How to verify you’re there
Section titled “How to verify you’re there”- You can answer “which 10% of engineers drive 50% of spend” in under five minutes on demand.
- You can answer “what did the checkout v2 epic cost in tokens” with a real number, not a range.
- Every merged PR has either a cost comment or a row in a queryable table; the most expensive PR last week is identifiable by name.

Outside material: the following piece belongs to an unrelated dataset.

(* Let $(G,\omega,\mu)$ be an infinite, connected weighted graph, and let $d$ be a pseudo metric on $G$ which is intrinsic, has finite jump size $s$, and such that every ball $B_r(x)$ ($x\in G$, $r>0$) is a finite set. Let $V:G\to\mathbb{R}$ satisfy $c_0:=\inf_G V>0$. Let $u:G\to\mathbb{R}$ be a solution of $$\Delta u - Vu = 0 \quad\text{in } G.$$ Let $p\ge 2$ and $\beta>0$ be such that $$\beta^2 e^{2s\beta} < 2c_0 p .$$ Fix $x_0\in G$ and suppose $u\in \ell^p_{\varphi_\beta}(G,\mu)$, where $\varphi_\beta(x)=e^{-\beta d(x,x_0)}$. Then $u(x)=0$ for all $x\in G$.
   Context: A weighted graph $(G,\omega,\mu)$: $G$ is a countable set, $\mu:G\to(0,\infty)$, and $\omega:G\times G\to[0,\infty)$ satisfies $\omega(x,x)=0$, $\omega(x,y)=\omega(y,x)$, $\sum_{y}\omega(x,y)<\infty$ for all $x$. Write $x\sim y$ iff $\omega(x,y)>0$; the graph is connected if any two vertices are joined by a finite path $x_0\sim x_1\sim\dots\sim x_n$. The Laplacian is $\Delta f(x)=\frac{1}{\mu(x)}\sum_{y\in G}[f(y)-f(x)]\omega(x,y)$ (well defined here since the graph is locally finite under the assumptions). A pseudo metric $d$ on $G$ is a symmetric function $G\times G\to[0,\infty)$ with $d(x,x)=0$ satisfying the triangle inequality (possibly $d(x,y)=0$ for $x\ne y$). Its jump size is $s:=\sup\{d(x,y): x,y\in G,\ \omega(x,y)>0\}$. For $q\ge1$, $C_0>0$, $d$ is $q$-intrinsic with bound $C_0$ if $\frac{1}{\mu(x)}\sum_{y}\omega(x,y)d^q(x,y)\le C_0$ for all $x\in G$; $d$ is called intrinsic if it is $2$-intrinsic with bound $1$. Balls: $B_r(x_0)=\{x\in G: d(x,x_0)<r\}$. For $\varphi:G\to(0,\infty)$ and $p\in[1,\infty)$, $\ell^p_\varphi(G,\mu)=\{u:G\to\mathbb{R}:\ \sum_{x\in G}|u(x)|^p\varphi(x)\mu(x)<\infty\}$. *)

theory Defs
  imports "HOL-Analysis.Analysis"
begin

- A stuck background agent yesterday would have hit a per‑dev or per‑repo alert before $50 of spend, and a hard cap before $500.
- Your monthly FinOps review has a written list of action items from the previous review, and most of them have shipped.
- Cost per merged PR is visible to every engineer, trended over time, and has moved in the right direction at least once in the last quarter as a result of a deliberate change.
- Finance does not have to chase engineering for cost allocation — engineering proactively shares the breakdown each month.
- If your AI vendor disappeared tomorrow, you would know — to the dollar — what it had been costing per team, per repo, and per PR.